I would like to know what is the most effective iterative algorithm to the following optimization problem:
Given $A \in \mathbb R^{n \times n} $ find a rectangular matrix $X \in \mathbb R^{n \times m} $, where $n>m$, such that the Frobenius Norm $\|AX\|_F$ is minimized subject to all of the following conditions:
$X \mathbf{1_m} = \mathbf{1_n} $ where $\mathbf{1_m} \in \mathbb R^{m \times 1} $ and $\mathbf{1_n} \in \mathbb R^{n \times 1} $ are vectors with all their entries set to one.

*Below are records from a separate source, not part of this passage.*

lemma distr_markov_process:
  assumes sg: "transition_semigroup P" and mp: "markov_process M \<Psi> P \<mu>" and t: "t \<ge> 0"
  shows "distr M borel (\<Psi> t) = act \<mu> P t"
proof -
  have "prob_space M" and \<Psi>0: "\<Psi> 0 \<in> M \<rightarrow>\<^sub>M borel" and \<Psi>t: "\<Psi> t \<in> M \<rightarrow>\<^sub>M borel"
    and law0: "distr M borel (\<Psi> 0) = \<mu>"
    using mp t unfolding markov_process_def by auto
  interpret prob_space M by fact
  interpret \<mu>: prob_space \<mu> using prob_space_distr[OF \<Psi>0] law0 by simp
  have sets_\<mu>: "sets \<mu> = sets borel" using law0 by auto
  then have kernel: "P t \<in> \<mu> \<rightarrow>\<^sub>M subprob_algebra borel"
    using transition_semigroup_subprob[OF sg t] by (simp cong: measurable_cong_sets)
  show ?thesis
    unfolding act_def
  proof (rule measure_eqI)
    show "sets (distr M borel (\<Psi> t)) = sets (bind \<mu> (P t))"
      using sets_bind[of \<mu> "P t" borel] transition_semigroup_prob_space(2)[OF sg t]
        sets_eq_imp_space_eq[OF sets_\<mu>] by simp
  next
    fix A assume "A \<in> sets (distr M borel (\<Psi> t))"
    then have A: "A \<in> sets borel" by simp
    have "emeasure (distr M borel (\<Psi> t)) A = measure M {\<omega>\<in>space M. \<Psi> t \<omega> \<in> A}"
      using \<Psi>t A by (simp add: emeasure_distr vimage_def Int_def conj_commute emeasure_eq_measure)
    also have "\<dots> = (\<integral>x. measure (P t x) A \<partial>\<mu>)"
      using markov_process_prob[OF sg mp t A] by simp
    also have "\<dots> = (\<integral>\<^sup>+x. measure (P t x) A \<partial>\<mu>)"
      using borel_measurable_measure_kernel[OF sg t A] transition_semigroup_prob_space(1)[OF sg t]
      by (intro nn_integral_eq_integral[symmetric] \<mu>.integrable_const_bound[where B=1])
         (auto simp: sets_\<mu> prob_space.prob_le_1 cong: measurable_cong_sets)
    also have "\<dots> = (\<integral>\<^sup>+x. emeasure (P t x) A \<partial>\<mu>)"
      using transition_semigroup_prob_space(1)[OF sg t] by (simp add: finite_measure.emeasure_eq_measure prob_space_def)
    also have "\<dots> = emeasure (bind \<mu> (P t)) A"
      using emeasure_bind[OF _ kernel A] sets_eq_imp_space_eq[OF sets_\<mu>] by simp
    finally show "emeasure (distr M borel (\<Psi> t)) A = emeasure (bind \<mu> (P t)) A" .
  qed
qed

lemma nn_integral_markov_process:
  assumes sg: "transition_semigroup P" and mp: "markov_process M \<Psi> P \<mu>" and t: "t \<ge> 0"
    and f: "f \<in> borel_measurable borel"
  shows "(\<integral>\<^sup>+\<omega>. f (\<Psi> t \<omega>) \<partial>M) = (\<integral>\<^sup>+x. \<integral>\<^sup>+y. f y \<partial>P t x \<partial>\<mu>)"
proof -
  have \<Psi>t: "\<Psi> t \<in> M \<rightarrow>\<^sub>M borel" and "sets \<mu> = sets borel"
    using mp t unfolding markov_process_def by auto
  then have kernel: "P t \<in> \<mu> \<rightarrow>\<^sub>M subprob_algebra borel"
    using transition_semigroup_subprob[OF sg t] by (simp cong: measurable_cong_sets)
  have "(\<integral>\<^sup>+\<omega>. f (\<Psi> t \<omega>) \<partial>M) = (\<integral>\<^sup>+y. f y \<partial>distr M borel (\<Psi> t))"
    using \<Psi>t f by (simp add: nn_integral_distr)
  also have "\<dots> = (\<integral>\<^sup>+y. f y \<partial>bind \<mu> (P t))"
    using distr_markov_process[OF sg mp t] by (simp add: act_def)
  also have "\<dots> = (\<integral>\<^sup>+x. \<integral>\<^sup>+y. f y \<partial>P t x \<partial>\<mu>)"
    by (rule nn_integral_bind[OF f kernel])
  finally show ?thesis .
qed
lemma coeff_monic_linear_power_diff:
  fixes a b :: "'a::comm_ring_1"
  assumes "k \<le> j"
  shows "coeff ([:a, 1:] ^ k - [:b, 1:] ^ k) j = 0"
proof (cases "j = k")
  case True
  then show ?thesis by (simp add: coeff_linear_power)
next
  case False
  then have "degree ([:a, 1:] ^ k) < j" "degree ([:b, 1:] ^ k) < j"
    using assms degree_power_le[of "[:a, 1:]" k] degree_power_le[of "[:b, 1:]" k] by auto
  then show ?thesis by (simp add: coeff_eq_0)
qed

lemma second_difference_binom2_power:
  fixes k :: nat
  defines "F \<equiv> \<lambda>x. (of_int (binom2 x) :: rat) ^ k"
  obtains P :: "rat poly" where "\<And>j. k \<le> j \<Longrightarrow> coeff P j = 0"
    and "\<And>c. (F (c + 1) - F c) - (F c - F (c - 1)) = poly P (of_int (binom2 c))"
proof -
  define A :: "rat poly" where "A = [:1/2, 1:]"
  define B :: "rat poly" where "B = [:1/4, 2:]"
  define E where "E = (\<Sum>e\<in>{1..k}. if even e
      then smult (2 * of_nat (k choose e)) (B ^ (e div 2) * A ^ (k - e)) else 0)"
  define P where "P = E + smult 2 (A ^ k - [:0, 1:] ^ k)"
  have "coeff E j = 0" if "k \<le> j" for j
    unfolding E_def coeff_sum
  proof (intro sum.neutral ballI)
    fix e assume e: "e \<in> {1..k}"
    show "coeff (if even e
        then smult (2 * of_nat (k choose e)) (B ^ (e div 2) * A ^ (k - e)) else 0) j = 0"
    proof (cases "even e")
      case True
      have "degree (B ^ (e div 2) * A ^ (k - e)) \<le>
          degree (B ^ (e div 2)) + degree (A ^ (k - e))"
        by (rule degree_mult_le)
      also have "\<dots> \<le> e div 2 + (k - e)"
        using degree_power_le[of B "e div 2"] degree_power_le[of A "k - e"]
        by (simp add: A_def B_def)
      also have "\<dots> < j"
        using True e that by (auto elim!: evenE)
      finally show ?thesis by (simp add: coeff_eq_0)
    qed simp
  qed
  then have coeff_P: "coeff P j = 0" if "k \<le> j" for j
    using that coeff_monic_linear_power_diff[OF that, of "1/2" "0::rat"]
    by (simp add: P_def A_def)
  have "(F (c + 1) - F c) - (F c - F (c - 1)) = poly P (of_int (binom2 c))" for c
  proof -
    define t :: rat where "t = of_int (binom2 c)"
    define a :: rat where "a = of_int c - 1/2"
    have t: "t = of_int c * (of_int c - 1) / 2"
      unfolding t_def by (rule of_int_binom2)
    have "of_int (binom2 (c + 1)) = poly A t + a" "of_int (binom2 (c - 1)) = poly A t - a"
      unfolding of_int_binom2 A_def a_def t by (simp_all add: field_simps)
    then have plus: "F (c + 1) = (poly A t + a) ^ k" and minus: "F (c - 1) = (poly A t - a) ^ k"
      by (simp_all add: F_def)
    have a2: "a\<^sup>2 = poly B t"
      unfolding B_def a_def t by (simp add: field_simps power2_eq_square)
    have "F (c + 1) + F (c - 1) =
        (\<Sum>e\<le>k. if even e
          then 2 * of_nat (k choose e) * poly B t ^ (e div 2) * poly A t ^ (k - e) else 0)"
      unfolding plus minus power_add_plus_power_diff a2 ..
    also have "\<dots> = 2 * poly A t ^ k + poly E t"
      by (simp add: E_def poly_sum atMost_atLeast0 sum.atLeast_Suc_atMost mult.assoc
          if_distrib[of "\<lambda>p. poly p t"] cong: if_cong)
    finally show ?thesis
      by (simp add: P_def F_def t_def[symmetric] algebra_simps)
  qed
  with coeff_P show ?thesis using that by blast
qed


theorem theorem3p5:
  fixes k :: nat
  shows "\<exists>\<xi> :: nat \<Rightarrow> rat. \<forall>la i mu.
           strict_partition la \<and> i \<le> num_corners la \<and>
           (i = 0 \<longrightarrow> num_corners la = 0 \<or> ycont la 1 > 1) \<and>
           plus_partition la i mu \<longrightarrow>
           qk k mu - qk k la = (\<Sum>j<k. \<xi> j * of_int (binom2 (xcont la i)) ^ j)"
proof -
  define F :: "int \<Rightarrow> rat" where "F = (\<lambda>x. of_int (binom2 x) ^ k)"
  obtain P :: "rat poly" where coeff_P: "\<And>j. k \<le> j \<Longrightarrow> coeff P j = 0"
    and P: "\<And>c. (F (c + 1) - F c) - (F c - F (c - 1)) = poly P (of_int (binom2 c))"
    using second_difference_binom2_power[of k] unfolding F_def by blast
  show ?thesis
  proof (intro exI[of _ "coeff P"] allI impI)
    fix la i mu
    assume "strict_partition la \<and> i \<le> num_corners la \<and>
      (i = 0 \<longrightarrow> num_corners la = 0 \<or> ycont la 1 > 1) \<and> plus_partition la i mu"
    then obtain b where la: "strict_partition la" and mu: "strict_partition mu"
      and b: "b \<notin> diagram la" "diagram mu = insert b (diagram la)"
      and content: "Defs.content b = xcont la i"
      by (auto simp: plus_partition_def)
    have "qk k mu - qk k la = corner_sum F mu - corner_sum F la"
      by (simp add: qk_def corner_sum_def F_def)
    also have "\<dots> = (F (Defs.content b + 1) - F (Defs.content b))
                      - (F (Defs.content b) - F (Defs.content b - 1))"
      by (rule corner_sum_add_box[OF la mu b]) (simp add: F_def binom2_def)
    also have "\<dots> = poly P (of_int (binom2 (xcont la i)))"
      unfolding content by (rule P)
    also have "\<dots> = (\<Sum>j<k. coeff P j * of_int (binom2 (xcont la i)) ^ j)"
      using coeff_P by (rule poly_eq_sum_lessThan)
    finally show "qk k mu - qk k la = (\<Sum>j<k. coeff P j * of_int (binom2 (xcont la i)) ^ j)" .
  qed
qed

end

The matrix entries have the condition $X_{i_pj_p}=1$ for a set of indices $(i_p, j_p) $ with $p \in [1,m]$. The chosen indices have the limitation $i_p \neq i_q $ and $j_p \neq j_q $ for $p \neq q$
$X_{ij} \ge 0 $ for all $i,j$
Edit 1: I agree that "Most effective" is a vague requirement so I will try to clarify. The Matrices $A$ and $X$ are large (around a million rows) and sparse and hence I would like an iterative algorithm. I am willing to write custom code, but would like to know which algorithm is robust.
Since
$$\| \mathrm A \mathrm X \|_F^2 = \| \mbox{vec} (\mathrm A \mathrm X) \|_2^2 = \| (\mathrm I_m \otimes \mathrm A) \, \mbox{vec} (\mathrm X) \|_2^2 = \mbox{vec}^{\top} (\mathrm X) (\mathrm I_m \otimes \mathrm A^{\top}) (\mathrm I_m \otimes \mathrm A) \, \mbox{vec} (\mathrm X)$$
you have a quadratic program (QP) in $\mbox{vec} (\mathrm X) \in \mathbb R^{mn}$
$$\boxed{\begin{array}{ll} \text{minimize} & \mbox{vec}^{\top} (\mathrm X) (\mathrm I_m \otimes \mathrm A^{\top}) (\mathrm I_m \otimes \mathrm A) \, \mbox{vec} (\mathrm X)\\ \text{subject to} & (1_m^{\top} \otimes \mathrm I_n) \, \mbox{vec} (\mathrm X) = 1_n\\ & (\mathrm e_j \otimes \mathrm e_i)^{\top} \, \mbox{vec} (\mathrm X) = c_{ij} \quad \forall (i,j) \in \mathcal{C}\\ & \mbox{vec} (\mathrm X) \geq 0_{mn}\end{array}}$$
where the $c_{ij}$'s are the constraints on the $(i,j)$-th entries of $\mathrm X$, and $\mathcal{C} \subset [n] \times [m]$ is the set of the indices of the constrained entries.